If your pet is scheduled to have diagnostic imaging performed then you may have a few questions about the process and what to expect. Below, our San Angelo vets talk about what will happen during your cat or dog's CT scan or X-ray and how diagnostic imaging can help your vet diagnose and treat your pet.
X-Rays and CT Scans for Cats and Dogs
Computed tomographic imaging, also known as a "CT" or "CAT scan", works by producing multiple individual images or "slices" throughout a region of interest in the body through the use of radiation (X-rays) and a computer. A common comparison to an image produced by a CT scanner is individual slices of bread that make up a complete loaf. The CT machine produces two-dimensional slices of a section of your pet’s anatomy and then configures them into a complete image we can view. These slices can also be used to create three-dimensional reconstructions that can be very useful for things like surgical planning. Once the images are produced, they are sent to a veterinary specialist to review and interpret.
An X-ray is a quick, painless test that produces images of the structures inside your cat and/or dog's body mainly your cat's and/or dog's bones. X-ray rays pass through your body, and they are absorbed in different volumes depending on the density of the material that they have to pass through.
How are CT scans and X-rays able to help diagnose your pet?
When it comes to both veterinary care and human healthcare, diagnostic imaging tools such as X-rays and CT scans have been incredibly beneficial. X-rays can help vets get a view of your pet's bones, tissues, and internal organs so that they can diagnose issues such as broken bones, bladder stones, swallowing foreign objects, and more.
X-ray images can help vets to spot some tumors, pregnancy, and enlarged organs which may lead to a diagnosis such as heart disease or cancer. A detailed view of organs, tissues, and ligaments cannot be obtained using X-ray technology. In these cases, other diagnostic imaging such as MRI and Ultrasound is more beneficial. An X-ray of a pregnant dog can also help you to prepare for the birth of puppies by allowing you to know how many puppies your dog is expecting, and whether a c-section may be required for any reason.
The high-resolution images produced by the CT machine help us to evaluate your pet's anatomy in great detail - a detail that we would otherwise not be able to see using standard X-rays. CT scanners provide excellent detail of bony and soft tissue structures in the body.
What should you do to prepare for routine diagnostic imaging for dogs and cats?
If your pet is brought in to the vet for an urgent or emergency care situation then it is likely that they will want to perform an X-ray or CT scan to get a better look at what is happening. For that reason, no preparation is required. Your vet will examine your pet, then if an x-ray or CT is required, they will take some time to explain the procedure and what they will be looking for.
If you have an X-ray or CT scan that was booked ahead of time for your pet, your vet will provide all the instructions you will need for the day of the procedure.

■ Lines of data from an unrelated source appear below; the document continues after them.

lemma ex_supported_input_light:
  assumes CH: "concept_hierarchy 2 n k D C children" and c: "c \<in> C \<inter> D 2"
    and "0 < r" and "0 < k" and "r * real k \<le> real b" and "b \<le> k"
  shows "\<exists>B\<subseteq>C \<inter> D 0. c \<in> supported 2 r k D C children B \<and>
    real k ^ 2 * sum \<omega> B \<le> real b ^ 2 * (\<Sum>d\<in>children c. sum \<omega> (children d))"
proof -
  have K: "children c \<subseteq> C \<inter> D 1" "finite (children c)" "card (children c) = k"
    using concept_hierarchy_children[OF CH _ c] by auto
  have L: "children d \<subseteq> C \<inter> D 0" "finite (children d)" "card (children d) = k"
    if "d \<in> children c" for d
    using concept_hierarchy_grandchildren[OF CH _ c that] by simp_all
  obtain K1 T where K1: "K1 \<subseteq> children c" "card K1 = b"
    and T: "\<forall>d\<in>children c. T d \<subseteq> children d \<and> card (T d) = b"
    and light: "real k ^ 2 * (\<Sum>d\<in>K1. sum \<omega> (T d))
      \<le> real b ^ 2 * (\<Sum>d\<in>children c. sum \<omega> (children d))"
    using ex_light_selection[OF K(2,3) _ \<open>b \<le> k\<close>, of children \<omega>] L by blast
  have T_sub: "T d \<subseteq> children d" if "d \<in> K1" for d
    using T K1(1) that by blast
  have K1_level: "K1 \<subseteq> C \<inter> D 1" and "finite K1"
    using K1(1) K(1,2) finite_subset by blast+
  define B where "B = (\<Union>d\<in>K1. T d)"
  have B_leaves: "B \<subseteq> C \<inter> D 0"
    unfolding B_def using T_sub K1(1) L(1) by blast
  have "{d \<in> K1. r * real k \<le> real (card (T d))} = K1"
    using K1(1) T \<open>r * real k \<le> real b\<close> by auto
  then have "c \<in> supported 2 r k D C children B"
    using supported_level2_iff[OF CH c \<open>0 < r\<close> \<open>0 < k\<close> K1(1) T_sub]
      K1(2) \<open>r * real k \<le> real b\<close> unfolding B_def by simp
  moreover have "sum \<omega> B = (\<Sum>d\<in>K1. sum \<omega> (T d))"
    unfolding B_def by (rule sum_UNION_children[OF CH _ K1_level \<open>finite K1\<close> T_sub]) simp
  then have "real k ^ 2 * sum \<omega> B \<le> real b ^ 2 * (\<Sum>d\<in>children c. sum \<omega> (children d))"
    using light by simp
  ultimately show ?thesis
    using B_leaves by blast
qed

lemma ex_unsupported_input_heavy:
  assumes CH: "concept_hierarchy 2 n k D C children" and c: "c \<in> C \<inter> D 2"
    and "0 < k" and "real a < r * real k" and "a \<le> k"
  shows "\<exists>B\<subseteq>C \<inter> D 0. c \<notin> supported 2 r k D C children B \<and>
    (2 * real a * real k - real a ^ 2) * (\<Sum>d\<in>children c. sum \<omega> (children d))
      \<le> real k ^ 2 * sum \<omega> B"
proof -
  have "0 < r * real k" using \<open>real a < r * real k\<close> by (smt (verit) of_nat_0_le_iff)
  then have "0 < r" using \<open>0 < k\<close> by (simp add: zero_less_mult_iff)
  have K: "children c \<subseteq> C \<inter> D 1" "finite (children c)" "card (children c) = k"
    using concept_hierarchy_children[OF CH _ c] by auto
  have L: "children d \<subseteq> C \<inter> D 0" "finite (children d)" "card (children d) = k"
    if "d \<in> children c" for d
    using concept_hierarchy_grandchildren[OF CH _ c that] by simp_all
  obtain K2 T where K2: "K2 \<subseteq> children c" "card K2 = a"
    and T: "\<forall>d\<in>children c. T d \<subseteq> children d \<and> card (T d) = a"
    and heavy: "(2 * real a * real k - real a ^ 2) * (\<Sum>d\<in>children c. sum \<omega> (children d))
      \<le> real k ^ 2 * (\<Sum>d\<in>children c. if d \<in> K2 then sum \<omega> (children d) else sum \<omega> (T d))"
    using ex_heavy_selection[OF K(2,3) _ \<open>a \<le> k\<close>, of children \<omega>] L by blast
  define A where "A d = (if d \<in> K2 then children d else T d)" for d
  have A_sub: "A d \<subseteq> children d" if "d \<in> children c" for d
    unfolding A_def using T that by auto
  define B where "B = (\<Union>d\<in>children c. A d)"
  have B_leaves: "B \<subseteq> C \<inter> D 0"
    unfolding B_def using A_sub L(1) by blast
  have "{d \<in> children c. r * real k \<le> real (card (A d))} \<subseteq> K2"
    unfolding A_def using T \<open>real a < r * real k\<close> by auto
  then have "card {d \<in> children c. r * real k \<le> real (card (A d))} \<le> a"
    using K2 K(2) by (metis card_mono finite_subset)
  then have unsupported: "c \<notin> supported 2 r k D C children B"
    using supported_level2_iff[OF CH c \<open>0 < r\<close> \<open>0 < k\<close> subset_refl A_sub]
      \<open>real a < r * real k\<close> unfolding B_def by linarith
  have "sum \<omega> B = (\<Sum>d\<in>children c. sum \<omega> (A d))"
    unfolding B_def by (rule sum_UNION_children[OF CH _ K(1,2) A_sub]) simp
  also have "\<dots> = (\<Sum>d\<in>children c. if d \<in> K2 then sum \<omega> (children d) else sum \<omega> (T d))"
    by (rule sum.cong) (simp_all add: A_def)
  finally have "(2 * real a * real k - real a ^ 2) * (\<Sum>d\<in>children c. sum \<omega> (children d))
      \<le> real k ^ 2 * sum \<omega> B"
    using heavy by simp
  then show ?thesis
    using B_leaves unsupported by blast
qed

lemma network_input_weight_nonneg:
  assumes "network lmax' n N w rep D0" and "0 < lmax'" and "y \<in> D0" and "u \<in> N 1"
  shows "0 \<le> w (rep y) u"
proof -
  have "rep y \<in> N 0"
    using assms(1,3) unfolding network_def by (meson bij_betw_apply)
  then show ?thesis
    using assms(1,2,4) unfolding network_def by simp
qed
(* Let $p\ge3$ be an integer. In $L^2(-1,1)$ with its standard inner product, the orthogonal complement of $(1-x^2)\mathbf P^{p-3}$ inside $\mathbf P^p$ is $$\{(1-x^2)\mathbf P^{p-3}\}^\perp\cap\mathbf P^p=\mathrm{Span}\{L_p,\,L_p',\,L_{p-1}'\}.$$
   Context: $\mathbf P^q$ denotes the real polynomials of degree at most $q$ on $[-1,1]$, and $(1-x^2)\mathbf P^{p-3}=\{(1-x^2)q: q\in\mathbf P^{p-3}\}$. $L_m$ are the Legendre polynomials ($L_0=1$, $L_1=x$, $(m+1)L_{m+1}=(2m+1)xL_m-mL_{m-1}$) and $L_m'$ their derivatives. *)

theory Defs
  imports "HOL-Analysis.Analysis" "HOL-Computational_Algebra.Polynomial"
begin

fun legendre :: "nat \<Rightarrow> real poly" where
  "legendre 0 = 1"
| "legendre (Suc 0) = [:0, 1:]"
| "legendre (Suc (Suc m)) =
     smult (1 / (real m + 2))
       (smult (2 * real m + 3) ([:0, 1:] * legendre (Suc m)) - smult (real m + 1) (legendre m))"

definition L2_inner :: "real poly \<Rightarrow> real poly \<Rightarrow> real" where
  "L2_inner f g = integral {-1..1} (\<lambda>x. poly f x * poly g x)"

end

theory Submission
  imports Defs
begin

text \<open>The Legendre operator \<open>A f = ((1 - x\<^sup>2) f')'\<close> is symmetric on polynomials, since its
  weight vanishes at \<open>\<plusminus>1\<close>, and \<open>A L\<^sub>n = -n(n+1) L\<^sub>n\<close>; comparing eigenvalues on monomials
  shows that \<open>L\<^sub>n\<close> is orthogonal to \<open>\<P>\<^sup>n\<^sup>-\<^sup>1\<close>. Integrating by parts against
  \<open>(1 - x\<^sup>2) q\<close> then makes \<open>L\<^sub>p'\<close> and \<open>L\<^sub>p\<^sub>-\<^sub>1'\<close> orthogonal to \<open>(1 - x\<^sup>2)\<P>\<^sup>p\<^sup>-\<^sup>3\<close>, as is \<open>L\<^sub>p\<close>.
  Conversely, subtracting suitable multiples of \<open>L\<^sub>p, L\<^sub>p', L\<^sub>p\<^sub>-\<^sub>1'\<close> (of exact degrees
  \<open>p, p-1, p-2\<close>) from an orthogonal \<open>f \<in> \<P>\<^sup>p\<close> leaves a remainder \<open>r \<in> \<P>\<^sup>p\<^sup>-\<^sup>3\<close> with
  \<open>\<integral> (1 - x\<^sup>2) r\<^sup>2 = 0\<close>, hence \<open>r = 0\<close>.\<close>

lemma integrable_poly_product:
  "(\<lambda>x. poly f x * poly g x :: real) integrable_on {a..b}"
  by (intro integrable_continuous_interval continuous_intros)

Will the process for X-rays and CT scans for cats and dogs include sedation?
If your pet needs to have an X-ray then sedation can be a helpful tool to get your pet to lie still. If your dog or cat is calm, not in too much pain, and able to lay in a comfortable position while the X-ray or CT scan is being taken, sedation will not be necessary.
Sedation can also be beneficial in situations where the dog or cat is unable to sit still, such as when experiencing pain. Other reasons why sedation may be used during your pet's X-ray or scan include if the dog's or cat's muscles need to be relaxed to get a clear image, or when the X-ray is being used on the skull, teeth, or spine.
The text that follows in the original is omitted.